As of late, the series has gone through a major overhaul and complete reboot. First, with Eon Productions’ official 2006 version of Casino Royale throwing Craig into the tuxedo. In his third outing, Skyfall, we find the series undergoing yet another renaissance of sorts. To discuss those details would involve major spoilers and completely ruin the fun. Just when we thought we knew the new Bond, there’s still plenty more to be seen – and to come. The tuxedos, the Bond girls, the Aston Martin, the gadgets, the puns, the theme, Q – everything finally comes together as expected, bringing with it Bond in the real world that Casino Royale and Quantum of Solace ushered but still giving us all we expect in a Bond film as well.
Skyfall opens with Bond (Craig) in hot pursuit of a hard drive containing the list of every NATO agent’s identity. M (Judi Dench) wants the hard drive returned to the MI6 at any cost. During the chase, Bond winds up duking it out on top of a moving train. M orders Eve (Naomie Harris) to take her shot to take down the bad guy, only to wind up shooting Bond who falls to his seeming death. M can barely muster together a fitting obituary between being harangued by Gareth Mallory (Ralph Fiennes) and the MI6’s security getting breached and her office bombed.

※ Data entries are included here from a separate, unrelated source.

(* There is an absolute constant $C>0$ with the following property. Let $m\ge1$, $0\le k\le m$, and $\pi\in\mathcal P_{\le2}(m)$, and let $N^1_{k,\pi}(m)$ be the number of involutions $\sigma\in\mathrm{Sym}_m$ that preserve $\pi$ and have exactly $k$ fixed points. Then \[ N^1_{k,\pi}(m)\le C^m(m!)^{\frac12-\frac{\pi_2}{2m}-\frac k{4m}} . \]
   Context: $\mathcal P_{\le2}(m)$ is the set of set partitions of $\{1,\dots,m\}$ with all blocks of size at most $2$, and $\pi_2$ is the number of blocks of size $2$ of $\pi$. A permutation preserves $\pi$ if it maps each block of $\pi$ onto a block of $\pi$. Involutions are elements $\sigma$ with $\sigma^2=1$ (the identity included). *)

theory Defs
  imports Complex_Main "HOL-Library.Disjoint_Sets" "HOL-Combinatorics.Permutations"
begin

definition partitions_le2 :: "nat \<Rightarrow> nat set set set" where
  "partitions_le2 m = {P. partition_on {1..m} P \<and> (\<forall>B\<in>P. card B \<le> 2)}"

definition pi2 :: "nat set set \<Rightarrow> nat" where
  "pi2 P = card {B\<in>P. card B = 2}"

definition preserves :: "(nat \<Rightarrow> nat) \<Rightarrow> nat set set \<Rightarrow> bool" where
  "preserves \<sigma> P \<longleftrightarrow> (\<forall>B\<in>P. \<sigma> ` B \<in> P)"

definition N1 :: "nat \<Rightarrow> nat set set \<Rightarrow> nat \<Rightarrow> nat" where
  "N1 k P m = card {\<sigma>. \<sigma> permutes {1..m} \<and> \<sigma> \<circ> \<sigma> = id \<and> preserves \<sigma> P
                     \<and> card {i\<in>{1..m}. \<sigma> i = i} = k}"

end

theory Submission imports Defs "HOL-Library.FuncSet" begin

(*
  An involution sigma preserving P permutes the blocks of P, fixing some of them and exchanging the
  others in pairs. It is determined by its fixed points, the points it swaps inside their own
  block, and its value at one leader (the least element) of each exchanged pair of blocks: a
  bijection between two given blocks of size at most 2 is fixed by one value. If w pairs of
  blocks are exchanged, these 2w blocks contain no fixed point and each other block at most two,
  so 4w + k <= 2|P| = 2m - 2 pi_2. Counting the data gives N <= 8^m m^((2m - 2 pi_2 - k)/4),
  and m^m <= e^m m! turns this into the bound with C = 8e.
*)

definition block_of :: "'a set set \<Rightarrow> 'a \<Rightarrow> 'a set" where
  "block_of P x = (THE B. B \<in> P \<and> x \<in> B)"

lemma block_of_eq:
  assumes "partition_on A P" "B \<in> P" "x \<in> B"
  shows "block_of P x = B"
  unfolding block_of_def
proof (rule the_equality)
  show "\<And>C. C \<in> P \<and> x \<in> C \<Longrightarrow> C = B"
    using assms unfolding partition_on_def disjoint_def by blast
qed (use assms in blast)

lemma block_of_in:
  assumes "partition_on A P" "x \<in> A"
  shows "block_of P x \<in> P" "x \<in> block_of P x"
proof -
  obtain B where "B \<in> P" "x \<in> B"
    using assms unfolding partition_on_def by blast
  then show "block_of P x \<in> P" "x \<in> block_of P x"
    using block_of_eq[OF assms(1)] by auto
qed

lemma block_of_subset:
  assumes "partition_on A P" "x \<in> A"
  shows "block_of P x \<subseteq> A"
  using block_of_in(1)[OF assms] partition_onD1[OF assms(1)] by blast

lemma block_of_image:
  assumes "partition_on A P" "preserves \<sigma> P" "x \<in> A"
  shows "block_of P (\<sigma> x) = \<sigma> ` block_of P x"
  using block_of_eq[OF assms(1)] block_of_in[OF assms(1,3)] assms(2)
  unfolding preserves_def by blast

lemma preserves_in:
  assumes "partition_on A P" "preserves \<sigma> P" "x \<in> A"
  shows "\<sigma> x \<in> A"
  using block_of_in[OF assms(1,3)] assms(2) partition_onD1[OF assms(1)]
  unfolding preserves_def by blast

lemma card_le_2_other_unique:
  assumes "finite B" "card B \<le> 2" "a \<in> B" "b \<in> B" "c \<in> B" "b \<noteq> a" "c \<noteq> a"
  shows "b = c"
proof -
  have "card (B - {a}) \<le> Suc 0"
    using assms(1-3) by (simp add: card_Diff_singleton)
  then show ?thesis
    using card_le_Suc0_iff_eq[of "B - {a}"] assms by blast
qed

lemma agree_on_card_le_2:
  assumes "finite B" "card B \<le> 2" "inj_on f B" "inj_on g B" "f ` B = g ` B"
    and "x \<in> B" "f x = g x" "y \<in> B"
  shows "f y = g y"
proof (cases "y = x")
  case False
  have "card (f ` B) \<le> 2"
    using assms(1,2) card_image_le order_trans by blast
  moreover have "f y \<noteq> f x" "g y \<noteq> f x"
    using False assms(3,4,6-8) by (metis inj_onD)+
  ultimately show ?thesis
    using card_le_2_other_unique[of "f ` B" "f x"] assms(1,5,6,8) by blast
qed (use assms(7) in simp)

lemma card_partition_le_2:
  assumes "partition_on A P" "finite A" "\<forall>B\<in>P. card B \<le> 2"
  shows "card A = card P + card {B\<in>P. card B = 2}"
proof -
  have block_card: "card B = 1 + (if card B = 2 then 1 else 0)" if "B \<in> P" for B
  proof -
    have "B \<noteq> {}" "finite B"
      using assms that unfolding partition_on_def by (auto intro: finite_subset)
    then have "0 < card B"
      by (simp add: card_gt_0_iff)
    then show ?thesis
      using assms(3) that by auto
  qed
  have "card A = (\<Sum>B\<in>P. card B)"
    using sum.partition[OF assms(2,1), of "\<lambda>_. 1::nat"] by simp
  also have "\<dots> = (\<Sum>B\<in>P. 1 + (if card B = 2 then 1 else 0))"
    using block_card by (rule sum.cong[OF refl])
  also have "\<dots> = card P + card {B\<in>P. card B = 2}"
    using finite_elements[OF assms(2,1)] by (simp only: sum.distrib) (simp add: sum.If_cases Int_def)
  finally show ?thesis .
qed
text \<open>Jensen's inequality for the convex map \<open>y \<mapsto> y powr (\<eta>'/\<eta>)\<close>.\<close>
lemma exp_potential_antimono:
  assumes fin: "finite B" and ne: "B \<noteq> {}" and "0 < \<eta>" and "\<eta> \<le> \<eta>'"
  shows "exp_potential B \<eta>' C \<le> exp_potential B \<eta> C"
proof -
  define N where "N = real (card B)"
  have N: "N > 0" using fin ne by (simp add: N_def card_gt_0_iff)
  define y where "y i = exp (- \<eta> * C i)" for i
  define r where "r = \<eta>' / \<eta>"
  have r: "r \<ge> 1" using assms by (simp add: r_def)
  have y_powr: "y i powr r = exp (- \<eta>' * C i)" for i
    using assms by (simp add: y_def powr_def r_def field_simps)
  have "((\<Sum>i\<in>B. y i) / N) powr r = (\<Sum>i\<in>B. (1 / N) *\<^sub>R y i) powr r"
    by (simp add: sum_divide_distrib)
  also have "\<dots> \<le> (\<Sum>i\<in>B. (1 / N) * y i powr r)"
    using N by (intro convex_on_sum[OF fin ne powr_convex[OF r]]) (auto simp: N_def y_def)
  also have "\<dots> = (\<Sum>i\<in>B. exp (- \<eta>' * C i)) / N"
    by (simp add: y_powr sum_divide_distrib)
  finally have "ln (((\<Sum>i\<in>B. y i) / N) powr r) \<le> ln ((\<Sum>i\<in>B. exp (- \<eta>' * C i)) / N)"
    using N sum_exp_pos[OF fin ne, of "\<lambda>i. - \<eta> * C i"] by (intro ln_mono) (simp_all add: y_def)
  then have "r * ln ((\<Sum>i\<in>B. y i) / N) \<le> ln ((\<Sum>i\<in>B. exp (- \<eta>' * C i)) / N)"
    using N sum_exp_pos[OF fin ne, of "\<lambda>i. - \<eta> * C i"] by (simp add: y_def ln_powr)
  then show ?thesis
    using assms by (simp add: exp_potential_def y_def N_def r_def field_simps)
qed

lemma exp_potential_le_average:
  assumes fin: "finite B" and ne: "B \<noteq> {}" and "0 < \<eta>"
    and v0: "\<And>i. i \<in> B \<Longrightarrow> 0 \<le> v i" and v1: "sum v B = 1"
  shows "exp_potential B \<eta> C \<le> (\<Sum>i\<in>B. v i * C i) + ln (card B) / \<eta>"
proof -
  define N where "N = real (card B)"
  have N: "N > 0" using fin ne by (simp add: N_def card_gt_0_iff)
  have le_each: "exp_potential B \<eta> C \<le> C j + ln N / \<eta>" if "j \<in> B" for j
  proof -
    have "exp (- \<eta> * C j) \<le> (\<Sum>i\<in>B. exp (- \<eta> * C i))"
      using fin that by (intro member_le_sum) auto
    then have "ln (exp (- \<eta> * C j) / N) \<le> ln ((\<Sum>i\<in>B. exp (- \<eta> * C i)) / N)"
      using N by (intro ln_mono divide_right_mono) auto
    then have "- \<eta> * C j - ln N \<le> ln ((\<Sum>i\<in>B. exp (- \<eta> * C i)) / N)"
      using N by (simp add: ln_div)
    then show ?thesis
      using assms(3) by (simp add: exp_potential_def N_def field_simps)
  qed
  have "exp_potential B \<eta> C = (\<Sum>i\<in>B. v i * exp_potential B \<eta> C)"
    using v1 by (simp flip: sum_distrib_right)
  also have "\<dots> \<le> (\<Sum>i\<in>B. v i * (C i + ln N / \<eta>))"
    by (intro sum_mono mult_left_mono le_each v0)
  also have "\<dots> = (\<Sum>i\<in>B. v i * C i) + (\<Sum>i\<in>B. v i) * (ln N / \<eta>)"
    by (simp add: distrib_left sum.distrib sum_distrib_right sum_divide_distrib)
  finally show ?thesis by (simp add: N_def v1)
qed
(* Let $\mathcal{P}$ be a filtered meet-semilattice and $F\colon\mathcal{P}\to\mathrm{SSets}$ a weak Mackey functor with a quasi-unit. Then $F$ is cofibrant, i.e. the natural map of simplicial sets $\operatorname{colim}_{\mathcal{P}_{<i}}F\to F(i)$ is (degreewise) injective for every $i\in\mathcal{P}$.
   Context: A filtered meet-semilattice is a poset in which any two elements $j,k$ have a meet $j\wedge k$, equipped with $d\colon\mathcal{P}\to\mathbb{N}$ with $d(i)<d(j)$ whenever $i<j$. (Cofibrant refers to the Reedy model structure on $\operatorname{Fun}(\mathcal{P},\mathrm{SSets})$, in which a functor is cofibrant exactly when these natural maps are injective.) $F(j<i)$ is the image of the arrow $j\to i$; $F(i<i)$ and $G(i<i)$ are identities. A weak Mackey functor $F\colon\mathcal{P}\to\mathrm{SSets}$ is a covariant functor with maps $G(j<i)\colon F(i)\to F(j)$ for $j<i$ such that for all $j<i,k<i$ there are $\alpha(i,j,k)\in\operatorname{End}(F(j))$, $\beta(i,j,k)\in\operatorname{End}(F(k\wedge j))$ with $G(j<i)\circ F(k<i)=\alpha(i,j,k)\circ F(k\wedge j<j)\circ G(k\wedge j<k)=F(k\wedge j<j)\circ\beta(i,j,k)\circ G(k\wedge j<k)$; it has a quasi-unit if $\alpha(i,j,j)$ is an automorphism of $F(j)$ for all $j<i$. *)

theory Defs
  imports Main
begin

record 'a sset =
  sx :: "nat \<Rightarrow> 'a set"
  sd :: "nat \<Rightarrow> nat \<Rightarrow> 'a \<Rightarrow> 'a"
  ss :: "nat \<Rightarrow> nat \<Rightarrow> 'a \<Rightarrow> 'a"

definition is_sset :: "'a sset \<Rightarrow> bool" where
  "is_sset X \<longleftrightarrow>
     (\<forall>n i x. x \<in> sx X (Suc n) \<longrightarrow> i \<le> Suc n \<longrightarrow> sd X n i x \<in> sx X n) \<and>
     (\<forall>n i x. x \<in> sx X n \<longrightarrow> i \<le> n \<longrightarrow> ss X n i x \<in> sx X (Suc n)) \<and>
     (\<forall>n i j x. x \<in> sx X (Suc (Suc n)) \<longrightarrow> i < j \<longrightarrow> j \<le> Suc (Suc n) \<longrightarrow>
        sd X n i (sd X (Suc n) j x) = sd X n (j - 1) (sd X (Suc n) i x)) \<and>
     (\<forall>n i j x. x \<in> sx X n \<longrightarrow> j \<le> n \<longrightarrow> (i = j \<or> i = Suc j) \<longrightarrow>
        sd X n i (ss X n j x) = x) \<and>
     (\<forall>m i j x. x \<in> sx X (Suc m) \<longrightarrow> i < j \<longrightarrow> j \<le> Suc m \<longrightarrow>
        sd X (Suc m) i (ss X (Suc m) j x) = ss X m (j - 1) (sd X m i x)) \<and>
     (\<forall>m i j x. x \<in> sx X (Suc m) \<longrightarrow> Suc j < i \<longrightarrow> i \<le> Suc (Suc m) \<longrightarrow>
        sd X (Suc m) i (ss X (Suc m) j x) = ss X m j (sd X m (i - 1) x)) \<and>
     (\<forall>n i j x. x \<in> sx X n \<longrightarrow> i \<le> j \<longrightarrow> j \<le> n \<longrightarrow>
        ss X (Suc n) i (ss X n j x) = ss X (Suc n) (Suc j) (ss X n i x))"

definition is_smap :: "'a sset \<Rightarrow> 'b sset \<Rightarrow> (nat \<Rightarrow> 'a \<Rightarrow> 'b) \<Rightarrow> bool" where
  "is_smap X Y f \<longleftrightarrow>
     (\<forall>n x. x \<in> sx X n \<longrightarrow> f n x \<in> sx Y n) \<and>
     (\<forall>n i x. x \<in> sx X (Suc n) \<longrightarrow> i \<le> Suc n \<longrightarrow> f n (sd X n i x) = sd Y n i (f (Suc n) x)) \<and>
     (\<forall>n i x. x \<in> sx X n \<longrightarrow> i \<le> n \<longrightarrow> f (Suc n) (ss X n i x) = ss Y n i (f n x))"

definition is_send :: "'a sset \<Rightarrow> (nat \<Rightarrow> 'a \<Rightarrow> 'a) \<Rightarrow> bool" where
  "is_send X f \<longleftrightarrow> is_smap X X f"

definition is_saut :: "'a sset \<Rightarrow> (nat \<Rightarrow> 'a \<Rightarrow> 'a) \<Rightarrow> bool" where
  "is_saut X f \<longleftrightarrow> is_smap X X f \<and>
     (\<exists>g. is_smap X X g \<and> (\<forall>n x. x \<in> sx X n \<longrightarrow> g n (f n x) = x \<and> f n (g n x) = x))"

definition filtration :: "('p::semilattice_inf \<Rightarrow> nat) \<Rightarrow> bool" where
  "filtration d \<longleftrightarrow> (\<forall>i j::'p. i < j \<longrightarrow> d i < d j)"

text \<open>F i is the simplicial set at i; Fm j i n is the level-n component of F(j<=i).\<close>
definition is_sfunctor ::
  "('p::order \<Rightarrow> 'a sset) \<Rightarrow> ('p \<Rightarrow> 'p \<Rightarrow> nat \<Rightarrow> 'a \<Rightarrow> 'a) \<Rightarrow> bool" where
  "is_sfunctor F Fm \<longleftrightarrow>
     (\<forall>i. is_sset (F i)) \<and>
     (\<forall>j i. j \<le> i \<longrightarrow> is_smap (F j) (F i) (Fm j i)) \<and>
     (\<forall>i n x. x \<in> sx (F i) n \<longrightarrow> Fm i i n x = x) \<and>
     (\<forall>j k l n x. j \<le> k \<longrightarrow> k \<le> l \<longrightarrow> x \<in> sx (F j) n \<longrightarrow>
        Fm k l n (Fm j k n x) = Fm j l n x)"

text \<open>Transfer maps G(j<i) : F(i) -> F(j), extended by G(i<i) = id.\<close>
definition Gx :: "('p \<Rightarrow> 'p \<Rightarrow> nat \<Rightarrow> 'a \<Rightarrow> 'a) \<Rightarrow> 'p \<Rightarrow> 'p \<Rightarrow> nat \<Rightarrow> 'a \<Rightarrow> 'a" where
  "Gx G j i n x = (if j = i then x else G j i n x)"

definition weak_mackey ::
  "('p::semilattice_inf \<Rightarrow> 'a sset) \<Rightarrow> ('p \<Rightarrow> 'p \<Rightarrow> nat \<Rightarrow> 'a \<Rightarrow> 'a) \<Rightarrow>
   ('p \<Rightarrow> 'p \<Rightarrow> nat \<Rightarrow> 'a \<Rightarrow> 'a) \<Rightarrow>
   ('p \<Rightarrow> 'p \<Rightarrow> 'p \<Rightarrow> nat \<Rightarrow> 'a \<Rightarrow> 'a) \<Rightarrow> ('p \<Rightarrow> 'p \<Rightarrow> 'p \<Rightarrow> nat \<Rightarrow> 'a \<Rightarrow> 'a) \<Rightarrow> bool" where
  "weak_mackey F Fm G \<alpha> \<beta> \<longleftrightarrow>
     is_sfunctor F Fm \<and>
     (\<forall>j i. j < i \<longrightarrow> is_smap (F i) (F j) (G j i)) \<and>
     (\<forall>i j k. j < i \<longrightarrow> k < i \<longrightarrow>
        is_send (F j) (\<alpha> i j k) \<and> is_send (F (inf k j)) (\<beta> i j k) \<and>
        (\<forall>n x. x \<in> sx (F k) n \<longrightarrow>
           Gx G j i n (Fm k i n x) = \<alpha> i j k n (Fm (inf k j) j n (Gx G (inf k j) k n x)) \<and>
           Gx G j i n (Fm k i n x) = Fm (inf k j) j n (\<beta> i j k n (Gx G (inf k j) k n x))))"

definition quasi_unit ::
  "('p::order \<Rightarrow> 'a sset) \<Rightarrow> ('p \<Rightarrow> 'p \<Rightarrow> 'p \<Rightarrow> nat \<Rightarrow> 'a \<Rightarrow> 'a) \<Rightarrow> bool" where
  "quasi_unit F \<alpha> \<longleftrightarrow> (\<forall>i j. j < i \<longrightarrow> is_saut (F j) (\<alpha> i j j))"

text \<open>The colimit of F over P_{<i} is computed levelwise; in level n it is the quotient of
  the disjoint union of the sets F(j)_n (j < i) by the equivalence relation generated by
  (j,x) ~ (l, F(j<=l) x) for j <= l < i.\<close>

definition latch_dom :: "('p::order \<Rightarrow> 'a sset) \<Rightarrow> 'p \<Rightarrow> nat \<Rightarrow> ('p \<times> 'a) set" where
  "latch_dom F i n = {(j, x). j < i \<and> x \<in> sx (F j) n}"

definition latch_step ::
  "('p::order \<Rightarrow> 'a sset) \<Rightarrow> ('p \<Rightarrow> 'p \<Rightarrow> nat \<Rightarrow> 'a \<Rightarrow> 'a) \<Rightarrow> 'p \<Rightarrow> nat \<Rightarrow>
   ('p \<times> 'a) \<Rightarrow> ('p \<times> 'a) \<Rightarrow> bool" where
  "latch_step F Fm i n a b \<longleftrightarrow>
     (\<exists>j l x. a = (j, x) \<and> b = (l, Fm j l n x) \<and> j \<le> l \<and> l < i \<and> x \<in> sx (F j) n)"

definition latch_rel ::
  "('p::order \<Rightarrow> 'a sset) \<Rightarrow> ('p \<Rightarrow> 'p \<Rightarrow> nat \<Rightarrow> 'a \<Rightarrow> 'a) \<Rightarrow> 'p \<Rightarrow> nat \<Rightarrow> ('p \<times> 'a) rel" where
  "latch_rel F Fm i n = {(a, b). equivclp (latch_step F Fm i n) a b}"

definition latch_obj ::
  "('p::order \<Rightarrow> 'a sset) \<Rightarrow> ('p \<Rightarrow> 'p \<Rightarrow> nat \<Rightarrow> 'a \<Rightarrow> 'a) \<Rightarrow> 'p \<Rightarrow> nat \<Rightarrow> ('p \<times> 'a) set set" where
  "latch_obj F Fm i n = latch_dom F i n // latch_rel F Fm i n"

definition latch_map ::
  "('p::order \<Rightarrow> 'p \<Rightarrow> nat \<Rightarrow> 'a \<Rightarrow> 'a) \<Rightarrow> 'p \<Rightarrow> nat \<Rightarrow> ('p \<times> 'a) set \<Rightarrow> 'a" where
  "latch_map Fm i n C = (THE y. \<exists>(j, x) \<in> C. y = Fm j i n x)"

definition reedy_cofibrant ::
  "('p::order \<Rightarrow> 'a sset) \<Rightarrow> ('p \<Rightarrow> 'p \<Rightarrow> nat \<Rightarrow> 'a \<Rightarrow> 'a) \<Rightarrow> bool" where
  "reedy_cofibrant F Fm \<longleftrightarrow> (\<forall>i n. inj_on (latch_map Fm i n) (latch_obj F Fm i n))"

end

theory Submission
  imports Defs
begin
lemma finite_set_pmf_rand_round: "finite (set_pmf (rand_round n y))"
  unfolding rand_round_def by (auto simp: set_Pi_pmf intro!: finite_PiE_dflt)

lemma rand_round_exp_moment_le:
  fixes a y :: "nat \<Rightarrow> real"
  assumes "\<And>j. j < n \<Longrightarrow> 0 \<le> a j" "\<And>j. j < n \<Longrightarrow> 0 \<le> y j" "0 \<le> L"
  shows "measure_pmf.expectation (rand_round n y) (\<lambda>z. exp (- L * (\<Sum>j<n. a j * of_int (z j))))
           \<le> exp (\<Sum>j<n. (exp (- L * a j) - 1) * y j)"
proof -
  define f where "f j = (\<lambda>b. exp (- (L * a j) * (of_int \<lfloor>y j\<rfloor> + (if b then 1 else 0))))" for j
  have "measure_pmf.expectation (rand_round n y) (\<lambda>z. exp (- L * (\<Sum>j<n. a j * of_int (z j))))
      = measure_pmf.expectation (Pi_pmf {..<n} False (\<lambda>j. bernoulli_pmf (y j - of_int \<lfloor>y j\<rfloor>)))
          (\<lambda>B. \<Prod>j<n. f j (B j))"
    unfolding rand_round_def f_def
    by (simp add: exp_sum[symmetric] sum_distrib_left algebra_simps if_distrib[of real_of_int] cong: if_cong)
  also have "\<dots> = (\<Prod>j<n. measure_pmf.expectation (bernoulli_pmf (y j - of_int \<lfloor>y j\<rfloor>)) (f j))"
    by (rule expectation_prod_Pi_pmf) (auto simp: f_def intro: integrable_measure_pmf_finite)
  also have "\<dots> \<le> (\<Prod>j<n. exp ((exp (- L * a j) - 1) * y j))"
  proof (intro prod_mono conjI)
    fix j assume "j \<in> {..<n}"
    then show "measure_pmf.expectation (bernoulli_pmf (y j - of_int \<lfloor>y j\<rfloor>)) (f j) \<le> exp ((exp (- L * a j) - 1) * y j)"
      using bernoulli_rounding_exp_moment_le[of "L * a j" "y j"] assms by (simp add: f_def)
  qed (auto simp: f_def intro!: integral_nonneg_AE)
  finally show ?thesis by (simp add: exp_sum)
qed

lemma rand_round_lower_tail_le_exp:
  fixes a y :: "nat \<Rightarrow> real"
  assumes "\<And>j. j < n \<Longrightarrow> 0 \<le> a j" "\<And>j. j < n \<Longrightarrow> 0 \<le> y j" "0 \<le> L"
  shows "measure_pmf.prob (rand_round n y) {z. (\<Sum>j<n. a j * of_int (z j)) < 1}
           \<le> exp (L + (\<Sum>j<n. (exp (- L * a j) - 1) * y j))"
proof -
  have "measure_pmf.prob (rand_round n y) {z. (\<Sum>j<n. a j * of_int (z j)) < 1}
      \<le> exp L * measure_pmf.expectation (rand_round n y) (\<lambda>z. exp (- L * (\<Sum>j<n. a j * of_int (z j))))"
    using assms(3) finite_set_pmf_rand_round
    by (intro prob_less_one_le_exp_moment integrable_measure_pmf_finite)
  also have "\<dots> \<le> exp L * exp (\<Sum>j<n. (exp (- L * a j) - 1) * y j)"
    using rand_round_exp_moment_le[OF assms] by simp
  finally show ?thesis by (simp add: exp_add)
qed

The MI6 bombing brings Bond out of “retirement” and is deemed fit for duty by the skin of his teeth. Mallory tells Bond “don’t cock it up,” introduces him to his new quartermaster, Q (Ben Whishaw), and sends him after Patrice (Ola Rapace), our earlier train villain, to Shanghai. Bond lets Patrice go through with an assassination before dropping him off the side of a building, which leads him to a poker chip for a casino in Macau. Here, Bond meets Sévérine (Bérénice Marlohe), who is terrified of someone. That someone turns out to be Silva (Javier Bardem), an ex-MI6 agent thought to be dead but has quite a bone to pick with M, that is if he doesn’t try to bone Bond in the process first.
Just when we thought we knew everything there was to know about our favorite 007 MI6 agent, screenwriters Neal Purvis and Robert Wade (The World is Not Enough, Die Another Day, Casino Royale, Quantum of Solace), and John Logan (Hugo, Rango), have decided to take a road never traveled by a Bond film before. They add some much surprisingly poignant backstory for a change and make sure the audience is emotionally invested before the action really kicks into high gear (after the film’s opening set piece of course).
Director Sam Mendes (the series’ first Academy Award-winning director) brings everything together with a sense of style and panache that we deserve after kicking the series into a new direction with Casino Royale and the four year hiatus. Cinematographer Roger Deakins creates scenes of beauty while Editor Stuart Baird makes sure we always know what’s going on. From a fist fight atop a moving train to a single-take silhouette fisticuff, the two work as a team to keep Mendes’ vision in tact while moving at a pace that never makes the film seem like it’s 143 minutes. Welcome back, Bond, Skyfall makes for one of the best Bond films ever, if not the best.